__INSTRUCTIONS FOR THE TASK__: How many lines in the entries below contain the word "close"? Answer with the number and nothing else.

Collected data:
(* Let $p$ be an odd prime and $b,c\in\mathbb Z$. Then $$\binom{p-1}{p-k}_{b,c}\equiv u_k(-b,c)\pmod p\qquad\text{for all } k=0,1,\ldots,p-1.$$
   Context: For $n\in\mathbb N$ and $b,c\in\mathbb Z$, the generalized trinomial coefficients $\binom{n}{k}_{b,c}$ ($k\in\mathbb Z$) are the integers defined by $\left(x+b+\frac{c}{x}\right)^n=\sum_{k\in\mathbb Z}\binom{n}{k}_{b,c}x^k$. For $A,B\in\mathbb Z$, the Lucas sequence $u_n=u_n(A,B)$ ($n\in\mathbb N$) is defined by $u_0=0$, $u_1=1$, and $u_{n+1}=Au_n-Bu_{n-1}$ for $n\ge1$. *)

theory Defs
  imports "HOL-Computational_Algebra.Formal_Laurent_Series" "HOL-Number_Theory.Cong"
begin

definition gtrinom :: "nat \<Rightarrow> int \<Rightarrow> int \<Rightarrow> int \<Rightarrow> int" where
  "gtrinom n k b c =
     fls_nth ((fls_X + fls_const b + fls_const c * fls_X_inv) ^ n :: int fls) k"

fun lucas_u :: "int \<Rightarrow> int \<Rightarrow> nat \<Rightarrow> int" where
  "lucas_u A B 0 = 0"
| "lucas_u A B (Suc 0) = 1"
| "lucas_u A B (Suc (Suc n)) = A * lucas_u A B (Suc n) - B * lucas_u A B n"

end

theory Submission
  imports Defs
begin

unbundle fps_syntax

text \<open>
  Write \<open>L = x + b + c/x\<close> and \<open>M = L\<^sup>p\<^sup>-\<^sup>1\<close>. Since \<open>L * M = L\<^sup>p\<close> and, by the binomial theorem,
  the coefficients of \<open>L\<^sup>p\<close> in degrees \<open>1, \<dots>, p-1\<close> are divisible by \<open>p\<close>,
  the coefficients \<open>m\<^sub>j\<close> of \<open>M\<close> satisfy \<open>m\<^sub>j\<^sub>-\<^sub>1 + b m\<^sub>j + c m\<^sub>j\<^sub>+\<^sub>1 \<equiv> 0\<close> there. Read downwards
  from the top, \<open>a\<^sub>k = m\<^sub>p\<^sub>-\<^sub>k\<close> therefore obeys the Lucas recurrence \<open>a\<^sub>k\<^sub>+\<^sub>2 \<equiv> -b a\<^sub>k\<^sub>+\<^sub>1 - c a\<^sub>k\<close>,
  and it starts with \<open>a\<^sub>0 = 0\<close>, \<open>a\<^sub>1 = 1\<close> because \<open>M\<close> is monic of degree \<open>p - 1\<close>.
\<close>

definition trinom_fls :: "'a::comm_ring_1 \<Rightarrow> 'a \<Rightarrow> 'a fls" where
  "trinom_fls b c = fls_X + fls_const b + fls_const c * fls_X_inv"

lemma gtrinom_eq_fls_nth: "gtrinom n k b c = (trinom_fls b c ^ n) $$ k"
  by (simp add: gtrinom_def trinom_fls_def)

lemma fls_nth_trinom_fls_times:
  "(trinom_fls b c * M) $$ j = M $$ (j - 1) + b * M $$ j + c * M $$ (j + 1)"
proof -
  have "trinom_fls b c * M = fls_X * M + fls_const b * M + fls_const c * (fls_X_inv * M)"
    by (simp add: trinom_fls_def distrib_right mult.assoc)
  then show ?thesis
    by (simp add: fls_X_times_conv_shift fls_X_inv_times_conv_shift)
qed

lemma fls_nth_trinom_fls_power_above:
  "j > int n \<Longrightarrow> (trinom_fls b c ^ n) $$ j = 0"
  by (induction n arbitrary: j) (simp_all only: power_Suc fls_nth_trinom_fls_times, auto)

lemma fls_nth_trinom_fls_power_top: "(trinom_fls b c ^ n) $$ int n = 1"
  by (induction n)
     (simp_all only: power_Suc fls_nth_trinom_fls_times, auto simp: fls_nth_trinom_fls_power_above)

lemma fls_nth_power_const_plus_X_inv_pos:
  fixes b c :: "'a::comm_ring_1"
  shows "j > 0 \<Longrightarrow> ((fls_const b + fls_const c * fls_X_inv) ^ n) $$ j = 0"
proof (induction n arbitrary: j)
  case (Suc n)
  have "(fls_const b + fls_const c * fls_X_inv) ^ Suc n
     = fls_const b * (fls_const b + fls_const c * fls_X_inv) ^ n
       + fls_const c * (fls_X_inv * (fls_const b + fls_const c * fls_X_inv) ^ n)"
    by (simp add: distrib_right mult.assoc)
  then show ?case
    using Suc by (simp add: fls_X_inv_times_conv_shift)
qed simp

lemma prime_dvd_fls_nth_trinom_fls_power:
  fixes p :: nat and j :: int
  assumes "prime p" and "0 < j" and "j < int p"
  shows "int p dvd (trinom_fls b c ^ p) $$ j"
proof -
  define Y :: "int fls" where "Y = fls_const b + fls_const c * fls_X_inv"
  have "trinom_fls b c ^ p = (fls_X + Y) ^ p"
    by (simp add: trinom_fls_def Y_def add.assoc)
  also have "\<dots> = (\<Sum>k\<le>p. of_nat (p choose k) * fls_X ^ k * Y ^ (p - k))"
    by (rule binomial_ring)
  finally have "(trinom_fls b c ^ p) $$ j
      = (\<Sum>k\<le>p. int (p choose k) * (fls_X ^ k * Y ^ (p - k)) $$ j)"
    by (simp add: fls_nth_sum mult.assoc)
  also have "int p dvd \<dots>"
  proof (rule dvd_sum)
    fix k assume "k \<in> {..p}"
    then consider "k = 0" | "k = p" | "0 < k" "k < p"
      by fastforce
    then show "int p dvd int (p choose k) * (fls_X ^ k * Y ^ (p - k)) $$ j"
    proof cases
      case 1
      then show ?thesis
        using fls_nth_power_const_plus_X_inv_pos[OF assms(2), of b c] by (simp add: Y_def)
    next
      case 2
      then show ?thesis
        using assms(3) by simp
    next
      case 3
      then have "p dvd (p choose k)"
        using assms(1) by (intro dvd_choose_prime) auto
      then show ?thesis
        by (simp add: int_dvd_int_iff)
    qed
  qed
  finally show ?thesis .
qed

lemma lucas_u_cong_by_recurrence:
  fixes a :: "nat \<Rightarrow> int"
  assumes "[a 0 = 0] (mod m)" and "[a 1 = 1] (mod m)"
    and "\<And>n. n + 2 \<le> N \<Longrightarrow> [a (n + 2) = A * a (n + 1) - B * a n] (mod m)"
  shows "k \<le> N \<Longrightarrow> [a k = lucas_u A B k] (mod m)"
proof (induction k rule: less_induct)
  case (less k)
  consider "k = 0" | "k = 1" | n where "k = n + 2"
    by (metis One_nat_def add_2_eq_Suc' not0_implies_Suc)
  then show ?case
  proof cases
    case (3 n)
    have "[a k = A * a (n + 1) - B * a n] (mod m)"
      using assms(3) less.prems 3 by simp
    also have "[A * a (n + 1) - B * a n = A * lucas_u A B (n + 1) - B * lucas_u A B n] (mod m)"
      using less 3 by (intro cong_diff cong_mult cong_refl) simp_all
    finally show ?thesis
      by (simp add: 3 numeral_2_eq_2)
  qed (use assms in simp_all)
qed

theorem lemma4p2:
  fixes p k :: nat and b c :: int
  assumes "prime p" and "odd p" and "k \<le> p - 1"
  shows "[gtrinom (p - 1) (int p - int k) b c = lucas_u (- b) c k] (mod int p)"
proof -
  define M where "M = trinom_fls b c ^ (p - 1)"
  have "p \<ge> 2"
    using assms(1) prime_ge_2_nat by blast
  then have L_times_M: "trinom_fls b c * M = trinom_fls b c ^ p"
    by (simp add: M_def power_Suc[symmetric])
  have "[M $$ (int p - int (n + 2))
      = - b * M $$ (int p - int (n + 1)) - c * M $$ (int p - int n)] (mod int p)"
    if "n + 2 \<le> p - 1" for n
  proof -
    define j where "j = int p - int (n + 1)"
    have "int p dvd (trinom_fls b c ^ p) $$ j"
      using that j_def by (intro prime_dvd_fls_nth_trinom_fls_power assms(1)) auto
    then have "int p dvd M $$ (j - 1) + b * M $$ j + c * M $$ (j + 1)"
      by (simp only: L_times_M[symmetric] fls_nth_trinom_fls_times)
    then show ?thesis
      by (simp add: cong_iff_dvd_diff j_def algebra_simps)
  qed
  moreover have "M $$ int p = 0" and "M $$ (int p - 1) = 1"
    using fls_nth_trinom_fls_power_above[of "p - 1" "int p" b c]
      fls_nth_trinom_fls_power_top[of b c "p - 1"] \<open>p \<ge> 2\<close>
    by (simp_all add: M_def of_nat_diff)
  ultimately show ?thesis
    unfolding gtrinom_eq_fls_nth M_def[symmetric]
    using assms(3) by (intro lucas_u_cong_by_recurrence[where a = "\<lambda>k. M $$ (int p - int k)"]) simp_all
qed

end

...

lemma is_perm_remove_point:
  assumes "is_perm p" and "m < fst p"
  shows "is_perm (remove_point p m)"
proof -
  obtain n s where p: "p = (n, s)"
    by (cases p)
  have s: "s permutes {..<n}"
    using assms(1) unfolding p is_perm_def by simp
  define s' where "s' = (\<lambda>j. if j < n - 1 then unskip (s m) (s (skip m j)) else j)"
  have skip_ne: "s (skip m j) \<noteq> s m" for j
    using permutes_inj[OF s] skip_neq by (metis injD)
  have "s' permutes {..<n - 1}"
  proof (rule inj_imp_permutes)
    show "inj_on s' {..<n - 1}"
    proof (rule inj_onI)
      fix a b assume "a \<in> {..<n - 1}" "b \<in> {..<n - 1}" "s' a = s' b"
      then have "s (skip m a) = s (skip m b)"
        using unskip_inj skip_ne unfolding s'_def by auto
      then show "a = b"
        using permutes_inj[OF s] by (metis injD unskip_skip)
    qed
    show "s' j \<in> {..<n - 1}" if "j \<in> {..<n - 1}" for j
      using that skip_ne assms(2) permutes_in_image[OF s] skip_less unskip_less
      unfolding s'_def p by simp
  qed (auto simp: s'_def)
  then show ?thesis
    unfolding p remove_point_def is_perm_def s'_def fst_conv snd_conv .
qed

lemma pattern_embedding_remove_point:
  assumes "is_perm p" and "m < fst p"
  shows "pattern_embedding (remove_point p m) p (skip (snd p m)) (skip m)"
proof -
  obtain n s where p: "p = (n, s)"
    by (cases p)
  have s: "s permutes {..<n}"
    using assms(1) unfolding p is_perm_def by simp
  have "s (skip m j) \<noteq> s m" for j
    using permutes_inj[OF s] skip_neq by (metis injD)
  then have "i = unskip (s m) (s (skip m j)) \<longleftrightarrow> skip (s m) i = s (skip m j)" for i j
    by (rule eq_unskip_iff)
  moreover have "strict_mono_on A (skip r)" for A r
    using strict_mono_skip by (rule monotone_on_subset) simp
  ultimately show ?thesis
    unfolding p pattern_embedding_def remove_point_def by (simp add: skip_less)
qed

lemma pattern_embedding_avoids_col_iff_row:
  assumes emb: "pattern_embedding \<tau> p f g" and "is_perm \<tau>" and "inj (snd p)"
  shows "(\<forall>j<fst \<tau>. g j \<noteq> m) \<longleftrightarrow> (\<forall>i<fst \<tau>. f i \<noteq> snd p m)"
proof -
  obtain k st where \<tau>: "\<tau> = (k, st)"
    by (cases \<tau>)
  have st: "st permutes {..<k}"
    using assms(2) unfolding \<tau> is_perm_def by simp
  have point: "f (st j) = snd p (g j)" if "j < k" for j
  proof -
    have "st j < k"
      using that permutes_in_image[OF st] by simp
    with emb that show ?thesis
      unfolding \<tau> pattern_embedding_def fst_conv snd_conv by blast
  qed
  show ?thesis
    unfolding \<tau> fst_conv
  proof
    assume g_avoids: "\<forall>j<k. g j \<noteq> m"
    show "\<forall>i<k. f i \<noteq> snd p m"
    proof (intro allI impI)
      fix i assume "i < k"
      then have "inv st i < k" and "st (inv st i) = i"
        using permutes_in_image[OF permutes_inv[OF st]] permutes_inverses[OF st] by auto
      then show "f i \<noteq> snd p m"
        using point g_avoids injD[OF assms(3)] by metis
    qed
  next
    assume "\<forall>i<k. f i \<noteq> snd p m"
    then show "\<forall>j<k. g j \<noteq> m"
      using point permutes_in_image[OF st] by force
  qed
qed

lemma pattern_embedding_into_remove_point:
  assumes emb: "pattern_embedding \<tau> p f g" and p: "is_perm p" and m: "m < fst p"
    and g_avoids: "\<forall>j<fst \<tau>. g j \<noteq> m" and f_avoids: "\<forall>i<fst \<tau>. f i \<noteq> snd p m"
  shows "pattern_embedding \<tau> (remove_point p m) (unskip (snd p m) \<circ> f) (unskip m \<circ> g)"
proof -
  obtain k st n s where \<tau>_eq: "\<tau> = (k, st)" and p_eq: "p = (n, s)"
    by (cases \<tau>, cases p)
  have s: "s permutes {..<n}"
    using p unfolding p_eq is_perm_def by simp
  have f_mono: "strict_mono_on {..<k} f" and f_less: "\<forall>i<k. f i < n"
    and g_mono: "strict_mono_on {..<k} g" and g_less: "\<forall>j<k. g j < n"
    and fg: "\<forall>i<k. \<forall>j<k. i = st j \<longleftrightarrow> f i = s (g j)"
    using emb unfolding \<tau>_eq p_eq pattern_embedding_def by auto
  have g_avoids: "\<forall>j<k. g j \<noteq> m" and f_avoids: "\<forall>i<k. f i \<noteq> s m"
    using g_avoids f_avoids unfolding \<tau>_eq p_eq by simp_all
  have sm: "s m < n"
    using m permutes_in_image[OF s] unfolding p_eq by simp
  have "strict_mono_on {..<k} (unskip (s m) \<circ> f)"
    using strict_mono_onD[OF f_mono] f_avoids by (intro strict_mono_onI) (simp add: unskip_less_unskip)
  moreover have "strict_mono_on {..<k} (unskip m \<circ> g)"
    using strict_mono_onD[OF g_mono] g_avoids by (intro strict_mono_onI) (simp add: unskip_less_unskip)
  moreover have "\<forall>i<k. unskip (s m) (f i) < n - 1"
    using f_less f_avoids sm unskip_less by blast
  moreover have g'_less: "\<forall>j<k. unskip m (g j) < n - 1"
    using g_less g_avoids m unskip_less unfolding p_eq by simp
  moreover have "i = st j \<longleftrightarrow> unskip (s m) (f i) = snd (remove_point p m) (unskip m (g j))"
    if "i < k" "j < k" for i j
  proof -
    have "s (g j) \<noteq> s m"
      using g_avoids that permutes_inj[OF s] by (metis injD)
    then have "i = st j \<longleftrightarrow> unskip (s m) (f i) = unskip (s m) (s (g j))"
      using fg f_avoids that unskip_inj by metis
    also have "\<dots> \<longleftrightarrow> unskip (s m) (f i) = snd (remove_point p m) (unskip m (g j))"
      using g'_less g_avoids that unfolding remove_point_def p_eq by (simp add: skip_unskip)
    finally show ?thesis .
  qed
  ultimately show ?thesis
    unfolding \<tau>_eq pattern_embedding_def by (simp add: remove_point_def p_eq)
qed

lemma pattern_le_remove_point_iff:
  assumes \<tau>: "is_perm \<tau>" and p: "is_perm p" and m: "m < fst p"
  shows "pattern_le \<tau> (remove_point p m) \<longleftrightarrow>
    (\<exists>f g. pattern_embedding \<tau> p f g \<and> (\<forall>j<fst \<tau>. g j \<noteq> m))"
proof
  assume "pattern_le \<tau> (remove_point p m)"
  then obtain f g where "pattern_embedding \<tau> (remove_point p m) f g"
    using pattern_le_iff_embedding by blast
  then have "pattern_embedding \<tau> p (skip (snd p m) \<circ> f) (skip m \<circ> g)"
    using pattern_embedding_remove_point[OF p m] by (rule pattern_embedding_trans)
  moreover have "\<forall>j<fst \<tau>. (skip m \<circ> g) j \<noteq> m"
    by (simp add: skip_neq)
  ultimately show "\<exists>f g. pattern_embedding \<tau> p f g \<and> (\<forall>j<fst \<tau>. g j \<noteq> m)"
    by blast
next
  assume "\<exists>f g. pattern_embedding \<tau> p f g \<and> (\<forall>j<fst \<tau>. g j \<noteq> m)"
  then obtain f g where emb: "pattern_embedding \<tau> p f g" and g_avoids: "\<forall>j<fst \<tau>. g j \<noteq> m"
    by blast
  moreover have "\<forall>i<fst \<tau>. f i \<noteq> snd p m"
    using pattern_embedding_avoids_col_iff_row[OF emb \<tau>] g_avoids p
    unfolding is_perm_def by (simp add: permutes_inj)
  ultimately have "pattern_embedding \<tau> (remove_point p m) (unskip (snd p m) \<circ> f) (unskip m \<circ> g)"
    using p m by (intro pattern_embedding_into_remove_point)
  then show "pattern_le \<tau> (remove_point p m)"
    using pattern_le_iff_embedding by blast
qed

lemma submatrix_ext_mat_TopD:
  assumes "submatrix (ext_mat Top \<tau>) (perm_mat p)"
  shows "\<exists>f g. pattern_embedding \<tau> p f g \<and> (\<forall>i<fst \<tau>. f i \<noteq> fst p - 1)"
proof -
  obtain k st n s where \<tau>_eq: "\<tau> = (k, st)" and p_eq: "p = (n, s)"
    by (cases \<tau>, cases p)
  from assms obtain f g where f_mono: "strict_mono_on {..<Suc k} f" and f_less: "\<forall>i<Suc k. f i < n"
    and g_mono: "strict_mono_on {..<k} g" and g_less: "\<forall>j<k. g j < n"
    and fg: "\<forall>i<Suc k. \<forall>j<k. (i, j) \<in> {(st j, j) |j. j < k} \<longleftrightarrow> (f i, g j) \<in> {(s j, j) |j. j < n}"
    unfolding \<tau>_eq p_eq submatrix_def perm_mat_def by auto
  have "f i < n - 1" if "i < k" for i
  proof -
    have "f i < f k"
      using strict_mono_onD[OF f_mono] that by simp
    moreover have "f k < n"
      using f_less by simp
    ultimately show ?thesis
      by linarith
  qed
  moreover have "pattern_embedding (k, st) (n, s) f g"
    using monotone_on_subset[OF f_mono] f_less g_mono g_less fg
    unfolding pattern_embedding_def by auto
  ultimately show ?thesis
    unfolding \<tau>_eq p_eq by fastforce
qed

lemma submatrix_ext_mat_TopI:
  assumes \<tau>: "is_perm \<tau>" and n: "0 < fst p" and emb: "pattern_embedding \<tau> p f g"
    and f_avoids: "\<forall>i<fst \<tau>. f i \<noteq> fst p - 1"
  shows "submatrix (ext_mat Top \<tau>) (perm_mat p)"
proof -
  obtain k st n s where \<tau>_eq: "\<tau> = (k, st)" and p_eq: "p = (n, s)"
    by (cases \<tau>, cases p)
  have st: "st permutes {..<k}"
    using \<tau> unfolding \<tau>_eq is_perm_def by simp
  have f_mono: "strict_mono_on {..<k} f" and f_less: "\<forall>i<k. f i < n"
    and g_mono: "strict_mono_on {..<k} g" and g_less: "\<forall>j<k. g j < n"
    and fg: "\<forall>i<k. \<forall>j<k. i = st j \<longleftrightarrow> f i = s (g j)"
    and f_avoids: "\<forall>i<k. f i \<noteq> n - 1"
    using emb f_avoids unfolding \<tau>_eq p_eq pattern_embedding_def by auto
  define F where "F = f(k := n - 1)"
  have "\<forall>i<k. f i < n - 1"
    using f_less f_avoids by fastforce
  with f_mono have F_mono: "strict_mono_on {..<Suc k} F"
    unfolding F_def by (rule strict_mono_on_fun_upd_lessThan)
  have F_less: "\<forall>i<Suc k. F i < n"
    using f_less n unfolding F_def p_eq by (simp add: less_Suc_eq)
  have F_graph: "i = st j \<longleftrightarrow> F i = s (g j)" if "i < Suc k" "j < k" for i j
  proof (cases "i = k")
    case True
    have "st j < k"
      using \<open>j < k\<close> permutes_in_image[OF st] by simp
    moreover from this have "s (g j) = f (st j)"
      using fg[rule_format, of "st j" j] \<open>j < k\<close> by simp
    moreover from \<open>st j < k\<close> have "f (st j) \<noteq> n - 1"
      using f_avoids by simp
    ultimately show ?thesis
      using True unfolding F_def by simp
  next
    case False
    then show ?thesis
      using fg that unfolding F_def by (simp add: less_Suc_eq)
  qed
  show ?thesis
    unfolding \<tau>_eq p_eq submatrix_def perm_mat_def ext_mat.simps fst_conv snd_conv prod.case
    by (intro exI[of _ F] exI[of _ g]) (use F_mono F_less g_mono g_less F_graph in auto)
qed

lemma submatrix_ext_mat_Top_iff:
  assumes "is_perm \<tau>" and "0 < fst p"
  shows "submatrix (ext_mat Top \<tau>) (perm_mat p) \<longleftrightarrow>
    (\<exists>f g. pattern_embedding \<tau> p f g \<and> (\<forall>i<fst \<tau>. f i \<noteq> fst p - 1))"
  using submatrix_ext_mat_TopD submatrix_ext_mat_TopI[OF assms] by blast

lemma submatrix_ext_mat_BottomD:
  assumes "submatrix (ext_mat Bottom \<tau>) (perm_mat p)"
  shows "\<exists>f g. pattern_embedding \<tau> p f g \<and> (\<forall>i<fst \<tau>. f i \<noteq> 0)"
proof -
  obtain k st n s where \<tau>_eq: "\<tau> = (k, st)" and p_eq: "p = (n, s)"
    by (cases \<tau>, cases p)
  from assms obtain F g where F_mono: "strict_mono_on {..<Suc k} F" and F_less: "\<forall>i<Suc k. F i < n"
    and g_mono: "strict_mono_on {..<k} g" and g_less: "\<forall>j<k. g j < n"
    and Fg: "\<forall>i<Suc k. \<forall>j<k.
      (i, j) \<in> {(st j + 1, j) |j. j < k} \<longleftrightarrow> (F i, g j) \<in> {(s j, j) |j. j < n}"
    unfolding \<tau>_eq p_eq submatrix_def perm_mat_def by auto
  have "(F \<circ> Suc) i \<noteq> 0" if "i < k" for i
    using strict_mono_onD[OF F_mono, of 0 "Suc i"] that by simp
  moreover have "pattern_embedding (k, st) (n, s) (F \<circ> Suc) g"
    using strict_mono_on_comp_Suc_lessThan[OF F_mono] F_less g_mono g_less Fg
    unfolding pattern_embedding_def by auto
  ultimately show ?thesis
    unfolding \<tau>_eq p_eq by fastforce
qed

__SOLUTION TO THE EXERCISE__: 10